Background: The most common type of dementia, Alzheimer's disease (AD), is marked by the formation of extracellular amyloid beta (Aβ) plaques. The impairments of axons and synapses appear in the process of Aβ plaques formation, and this damage could cause neurodegeneration. We previously reported that non-saponin fraction with rich polysaccharide (NFP) from Korean Red Ginseng (KRG) showed neuroprotective effects in AD. However, precise molecular mechanism of the therapeutic effects of NFP from KRG in AD still remains elusive. Methods: To investigate the therapeutic mechanisms of NFP from KRG on AD, we conducted proteomic analysis for frontal cortex from vehicle-treated wild-type, vehicle-treated 5XFAD mice, and NFP-treated 5XFAD mice by using nano-LC-ESI-MS/MS. Metabolic network analysis was additionally performed as the effects of NFP appeared to be associated with metabolism according to the proteome analysis. Results: Starting from 5,470 proteins, 2,636 proteins were selected for hierarchical clustering analysis, and finally 111 proteins were further selected for protein-protein interaction network analysis.
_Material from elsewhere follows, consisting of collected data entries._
lemma negative_drift_direction:
  obtains "negative_drift s0 A pi 1 0" | "negative_drift s0 A pi 0 1"
proof -
  let ?d1 = "\<lambda>i. \<Sum>l\<in>steps. \<Sum>j<s0. A 1 l i j - A (-1) l i j"
  let ?d2 = "\<lambda>i. \<Sum>k\<in>steps. \<Sum>j<s0. A k 1 i j - A k (-1) i j"
  have "(\<Sum>j<s0. \<Sum>k\<in>steps. \<Sum>l\<in>steps. (of_int k * u1 + of_int l * u2) * A k l i j)
      = u1 * (\<Sum>k\<in>steps. of_int k * (\<Sum>l\<in>steps. \<Sum>j<s0. A k l i j))
        + u2 * (\<Sum>k\<in>steps. \<Sum>l\<in>steps. of_int l * (\<Sum>j<s0. A k l i j))" for u1 u2 :: real and i
    unfolding sum_rotate3[where Z = "{..<s0}", symmetric]
    by (simp add: distrib_left distrib_right sum.distrib sum_distrib_left mult_ac)
  also have "\<dots> u1 u2 i = u1 * ?d1 i + u2 * ?d2 i" for u1 u2 :: real and i
    by (simp add: sum_steps_weighted sum_subtractf)
  finally have drift_eq: "(\<Sum>i<s0. pi i * (\<Sum>j<s0. \<Sum>k\<in>steps. \<Sum>l\<in>steps. (of_int k * u1 + of_int l * u2) * A k l i j))
      = u1 * (\<Sum>i<s0. pi i * ?d1 i) + u2 * (\<Sum>i<s0. pi i * ?d2 i)" for u1 u2 :: real
    by (simp add: sum_distrib_left sum.distrib algebra_simps)
  have drift_neg: "negative_drift s0 A pi u1 u2"
    if "\<bar>u1\<bar> + \<bar>u2\<bar> \<le> 1"
      and "u1 * (\<Sum>i<s0. pi i * ?d1 i) + u2 * (\<Sum>i<s0. pi i * ?d2 i) < 0" for u1 u2 :: real
  proof unfold_locales
    show "\<bar>of_int k * u1 + of_int l * u2\<bar> \<le> 1" if "k \<in> steps" "l \<in> steps" for k l
      using that \<open>\<bar>u1\<bar> + \<bar>u2\<bar> \<le> 1\<close> by (auto simp: steps_def)
    show "(\<Sum>i<s0. pi i * (\<Sum>j<s0. \<Sum>k\<in>steps. \<Sum>l\<in>steps. (of_int k * u1 + of_int l * u2) * A k l i j)) < 0"
      unfolding drift_eq by (rule that(2))
  qed (fact s0_pos A_nonneg A_stoch pi_nonneg pi_sum pi_stat phase_irreducible)+
  from drift show ?thesis
  proof
    assume "(\<Sum>i<s0. pi i * (\<Sum>l\<in>steps. \<Sum>j<s0. A 1 l i j - A (-1) l i j)) < 0"
    then show ?thesis
      using drift_neg[of 1 0] that(1) by simp
  next
    assume "(\<Sum>i<s0. pi i * (\<Sum>k\<in>steps. \<Sum>j<s0. A k 1 i j - A k (-1) i j)) < 0"
    then show ?thesis
      using drift_neg[of 0 1] that(2) by simp
  qed
qed

lemma exists_geometric_decay:
  "\<exists>a0 b0 C q. C > 0 \<and> 0 < q \<and> q < 1 \<and>
     (\<forall>n i j. i < s0 \<longrightarrow> j < s0 \<longrightarrow> matpow s0 (A_theta A a0 b0) n i j \<le> C * q ^ n)"
proof -
  obtain a0 b0 C q where q: "0 \<le> q" "q < 1"
    and decay: "\<And>n i j. i < s0 \<Longrightarrow> j < s0 \<Longrightarrow> matpow s0 (A_theta A a0 b0) n i j \<le> C * q ^ n"
  proof (cases rule: negative_drift_direction)
    case 1
    then show ?thesis
      using negative_drift.geometric_decay[OF 1] that by (metis mult_zero_right mult_1_right)
  next
    case 2
    then show ?thesis
      using negative_drift.geometric_decay[OF 2] that by (metis mult_zero_right mult_1_right)
  qed
  define C' where "C' = max C 1"
  define q' where "q' = max q (1/2)"
  have scale: "C * q ^ n \<le> C' * q' ^ n" for n
  proof -
    have "C * q ^ n \<le> C' * q ^ n"
      unfolding C'_def using q by (intro mult_right_mono) auto
    also have "\<dots> \<le> C' * q' ^ n"
      unfolding C'_def q'_def using q by (intro mult_left_mono power_mono) auto
    finally show ?thesis .
  qed
  have "matpow s0 (A_theta A a0 b0) n i j \<le> C' * q' ^ n" if "i < s0" "j < s0" for n i j
    using decay[OF that, of n] scale[of n] by (rule order_trans)
  moreover have "C' > 0" "0 < q'" "q' < 1"
    unfolding C'_def q'_def using q by auto
  ultimately show ?thesis
    by blast
qed

lemma Gamma_bar_nonempty: "Gamma_bar A s0 \<noteq> {}"
proof -
  obtain a0 b0 C q where q: "0 < q" "q < 1"
    and decay: "\<And>n i j. i < s0 \<Longrightarrow> j < s0 \<Longrightarrow> matpow s0 (A_theta A a0 b0) n i j \<le> C * q ^ n"
    using exists_geometric_decay by blast
  have "\<bar>matpow s0 (A_theta A a0 b0) n i j\<bar> \<le> max C 0" if "i < s0" "j < s0" for n i j
  proof -
    have "C * q ^ n \<le> max C 0 * 1"
      using q by (intro mult_mono power_le_one) auto
    then show ?thesis
      using decay[OF that, of n] matpow_nonneg[OF A_theta_nonneg[OF A_nonneg]] by simp
  qed
  then show ?thesis
    using Gamma_bar_if_matpow_bounded[OF s0_pos] by blast
qed

lemma bdd_above_Gamma_bar_directional:
  "bdd_above ((\<lambda>(th1, th2). th1 * of_int e1 + th2 * of_int e2) ` Gamma_bar A s0)"
proof -
  have "(0, 0, 0) \<in> state_space s0" "(e1, e2, 0) \<in> state_space s0"
    using s0_pos by (auto simp: state_space_def)
  then obtain n where p: "npow s0 (trans_prob A s0) n (0, 0, 0) (e1, e2, 0) > 0"
    using irreducible unfolding irreducible_on_def by blast
  show ?thesis
  proof (rule bdd_aboveI2)
    fix th assume "th \<in> Gamma_bar A s0"
    then show "(case th of (th1, th2) \<Rightarrow> th1 * of_int e1 + th2 * of_int e2)
        \<le> - ln (npow s0 (trans_prob A s0) n (0, 0, 0) (e1, e2, 0))"
      using Gamma_bar_directional_bound[where A = A, OF A_nonneg s0_pos p] by (cases th) simp
  qed
qed

lemma exists_summable_tilt_near:
  assumes th: "(th1, th2) \<in> Gamma_bar A s0" and r: "r < exp (c1 * th1 + c2 * th2)"
  obtains \<alpha> \<beta> where "r < exp (c1 * \<alpha> + c2 * \<beta>)"
    and "\<And>i j. i < s0 \<Longrightarrow> j < s0 \<Longrightarrow> summable (\<lambda>n. matpow s0 (A_theta A \<alpha> \<beta>) n i j)"
proof -
  obtain a0 b0 C q where C: "C > 0" and q: "0 < q" "q < 1"
    and decay: "\<And>n i j. i < s0 \<Longrightarrow> j < s0 \<Longrightarrow> matpow s0 (A_theta A a0 b0) n i j \<le> C * q ^ n"
    using exists_geometric_decay by blast
  let ?f = "\<lambda>s. exp (c1 * (s * th1 + (1 - s) * a0) + c2 * (s * th2 + (1 - s) * b0))"
  have "(?f \<longlongrightarrow> ?f 1) (at_left 1)"
    by (intro tendsto_intros)
  then have "eventually (\<lambda>s. r < ?f s) (at_left 1)"
    using r by (intro order_tendstoD(1)) auto
  moreover have "eventually (\<lambda>s. s \<in> {0<..<1}) (at_left (1::real))"
    by (rule eventually_at_left_real) simp
  ultimately obtain s where s: "r < ?f s" "0 < s" "s < 1"
    using eventually_happens[OF eventually_conj] by fastforce
  show ?thesis
    using that[of "s * th1 + (1 - s) * a0" "s * th2 + (1 - s) * b0"] s
      summable_at_interpolated_tilt[OF A_nonneg th decay q C s(2,3)] by blast
qed

lemma qtilde_finite:
  assumes j: "j < s0" and j': "j' < s0"
  shows "qtilde A s0 (x1, x2, j) (x1', x2', j') < \<infinity>"
proof -
  obtain a0 b0 C q where q: "0 < q" "q < 1"
    and decay: "\<And>n i j. i < s0 \<Longrightarrow> j < s0 \<Longrightarrow> matpow s0 (A_theta A a0 b0) n i j \<le> C * q ^ n"
    using exists_geometric_decay by blast
  have "summable (\<lambda>n. matpow s0 (A_theta A a0 b0) n j j')"
  proof (rule summable_comparison_test')
    show "summable (\<lambda>n. C * q ^ n)"
      using q by (intro summable_mult summable_geometric) auto
    show "norm (matpow s0 (A_theta A a0 b0) n j j') \<le> C * q ^ n" for n
      using decay[OF j j'] matpow_nonneg[OF A_theta_nonneg[OF A_nonneg]] by simp
  qed
  then have "qtilde A s0 (x1, x2, j) (x1', x2', j')
      \<le> ennreal (exp (- (a0 * of_int (x1' - x1) + b0 * of_int (x2' - x2))) * (\<Sum>n. matpow s0 (A_theta A a0 b0) n j j'))"
    by (rule qtilde_le_tilted[where A = A, OF A_nonneg j])
  then show ?thesis
    by (rule le_less_trans) simp
qed

lemma summable_Nblk_series_directional:
  assumes j: "j < s0" and j': "j' < s0"
    and z: "norm z < exp (Sup ((\<lambda>(th1, th2). th1 * of_int e1 + th2 * of_int e2) ` Gamma_bar A s0))"
  shows "summable (\<lambda>k. z ^ Suc k * complex_of_real (Nblk A s0 (x1, x2) (int (Suc k) * e1, int (Suc k) * e2) j j'))"
proof -
  let ?S = "(\<lambda>(th1, th2). th1 * of_int e1 + th2 * of_int e2) ` Gamma_bar A s0"
  have "bdd_above ?S"
    by (rule bdd_above_Gamma_bar_directional)
  moreover have "?S \<noteq> {}"
    using Gamma_bar_nonempty by simp
  ultimately obtain t where "t \<in> ?S" "norm z < exp t"
    using exists_lt_exp_of_lt_exp_Sup[OF _ _ z] by blast
  then obtain th1 th2 where th: "(th1, th2) \<in> Gamma_bar A s0"
    and "norm z < exp (th1 * of_int e1 + th2 * of_int e2)"
    by auto
  then obtain \<alpha> \<beta> where z': "norm z < exp (of_int e1 * \<alpha> + of_int e2 * \<beta>)"
    and summable: "\<And>i j. i < s0 \<Longrightarrow> j < s0 \<Longrightarrow> summable (\<lambda>n. matpow s0 (A_theta A \<alpha> \<beta>) n i j)"
    using exists_summable_tilt_near[OF th, of "norm z" "of_int e1" "of_int e2"] by (auto simp: mult.commute)
  show ?thesis
    by (rule summable_Nblk_series[where A = A, OF A_nonneg j summable[OF j j'] z'])
qed

lemma summable_Phi1_series:
  assumes "j < s0" "j' < s0" and "z \<in> ball 0 (exp (Sup {th1. \<exists>th2. (th1, th2) \<in> Gamma_bar A s0}))"
  shows "summable (\<lambda>k. z ^ Suc k * complex_of_real (Nblk A s0 (x1, x2) (int (Suc k), 0) j j'))"
proof -
  have "(\<lambda>(th1, th2). th1 * of_int 1 + th2 * of_int 0) ` Gamma_bar A s0 = {th1. \<exists>th2. (th1, th2) \<in> Gamma_bar A s0}"
    by force
  then show ?thesis
    using summable_Nblk_series_directional[OF assms(1,2), of z 1 0 x1 x2] assms(3) by simp
qed

lemma summable_Phi2_series:
  assumes "j < s0" "j' < s0" and "w \<in> ball 0 (exp (Sup {th2. \<exists>th1. (th1, th2) \<in> Gamma_bar A s0}))"
  shows "summable (\<lambda>k. w ^ Suc k * complex_of_real (Nblk A s0 (x1, x2) (0, int (Suc k)) j j'))"
proof -
  have "(\<lambda>(th1, th2). th1 * of_int 0 + th2 * of_int 1) ` Gamma_bar A s0 = {th2. \<exists>th1. (th1, th2) \<in> Gamma_bar A s0}"
    by force
  then show ?thesis
    using summable_Nblk_series_directional[OF assms(1,2), of w 0 1 x1 x2] assms(3) by simp
qed

lemma Phi1_analytic:
  "j < s0 \<Longrightarrow> j' < s0 \<Longrightarrow>
    (\<lambda>z. Phi1 A s0 (x1, x2) z j j') analytic_on ball 0 (exp (Sup {th1. \<exists>th2. (th1, th2) \<in> Gamma_bar A s0}))"
  unfolding Phi1_def by (rule analytic_on_power_series_Suc) (rule summable_Phi1_series)

lemma Phi2_analytic:
  "j < s0 \<Longrightarrow> j' < s0 \<Longrightarrow>
    (\<lambda>w. Phi2 A s0 (x1, x2) w j j') analytic_on ball 0 (exp (Sup {th2. \<exists>th1. (th1, th2) \<in> Gamma_bar A s0}))"
  unfolding Phi2_def by (rule analytic_on_power_series_Suc) (rule summable_Phi2_series)

end

theorem proposition4p4:
  fixes A :: "int \<Rightarrow> int \<Rightarrow> nat \<Rightarrow> nat \<Rightarrow> real" and s0 :: nat and pi :: "nat \<Rightarrow> real"
  assumes s0_pos: "s0 > 0"
    and A_nonneg: "\<And>k l i j. A k l i j \<ge> 0"
    and A_stoch: "\<And>i. i < s0 \<Longrightarrow> (\<Sum>k\<in>steps. \<Sum>l\<in>steps. \<Sum>j<s0. A k l i j) = 1"
    and pi_nonneg: "\<And>j. j < s0 \<Longrightarrow> pi j \<ge> 0"
    and pi_sum: "(\<Sum>j<s0. pi j) = 1"
    and pi_stat: "\<And>j'. j' < s0 \<Longrightarrow>
        (\<Sum>i<s0. pi i * (\<Sum>k\<in>steps. \<Sum>l\<in>steps. A k l i j')) = pi j'"
    and drift: "(\<Sum>i<s0. pi i * (\<Sum>l\<in>steps. \<Sum>j<s0. A 1 l i j - A (-1) l i j)) < 0
             \<or> (\<Sum>i<s0. pi i * (\<Sum>k\<in>steps. \<Sum>j<s0. A k 1 i j - A k (-1) i j)) < 0"
    and irred: "irreducible_on s0 (trans_prob A s0) (state_space s0)"
    and aper: "aperiodic_on s0 (trans_prob A s0) (state_space s0)"
    and irred_plus: "irreducible_on s0 (trans_plus A s0) (pos_space s0)"
  shows "\<forall>x1 x2 j j'. 0 \<le> x1 \<and> 0 \<le> x2 \<and> j < s0 \<and> j' < s0 \<longrightarrow>
    (let R1 = exp (Sup {th1. \<exists>th2. (th1, th2) \<in> Gamma_bar A s0});
         R2 = exp (Sup {th2. \<exists>th1. (th1, th2) \<in> Gamma_bar A s0}) in
      (\<forall>k::nat. k \<ge> 1 \<longrightarrow> qtilde A s0 (x1, x2, j) (int k, 0, j') < \<infinity>
                          \<and> qtilde A s0 (x1, x2, j) (0, int k, j') < \<infinity>)
    \<and> (\<forall>z\<in>ball 0 R1. summable (\<lambda>k. z ^ Suc k * complex_of_real (Nblk A s0 (x1, x2) (int (Suc k), 0) j j')))
    \<and> (\<lambda>z. Phi1 A s0 (x1, x2) z j j') analytic_on ball 0 R1
    \<and> (\<forall>w\<in>ball 0 R2. summable (\<lambda>k. w ^ Suc k * complex_of_real (Nblk A s0 (x1, x2) (0, int (Suc k)) j j')))
    \<and> (\<lambda>w. Phi2 A s0 (x1, x2) w j j') analytic_on ball 0 R2)"
proof -
  interpret modulated_walk s0 A pi
    by unfold_locales (fact s0_pos A_nonneg A_stoch pi_nonneg pi_sum pi_stat drift irred)+
  show ?thesis
    unfolding Let_def
    by (intro allI impI conjI ballI; elim conjE;
        rule qtilde_finite summable_Phi1_series summable_Phi2_series Phi1_analytic Phi2_analytic; assumption)
qed

end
A series of these analyses revealed that proteins associated with synapse and mitochondria might be linked to the therapeutic mechanism of NFP. Subsequent metabolic network analysis via genome-scale metabolic models that represent the three mouse groups showed that there were significant changes in metabolic fluxes of mitochondrial carnitine shuttle pathway and mitochondrial beta-oxidation of polyunsaturated fatty acids. Conclusion: Our results suggested that the therapeutic effects of NFP on AD were associated with synaptic- and mitochondrial-related pathways, and they provided targets for further rigorous studies on precise understanding of the molecular mechanism of NFP.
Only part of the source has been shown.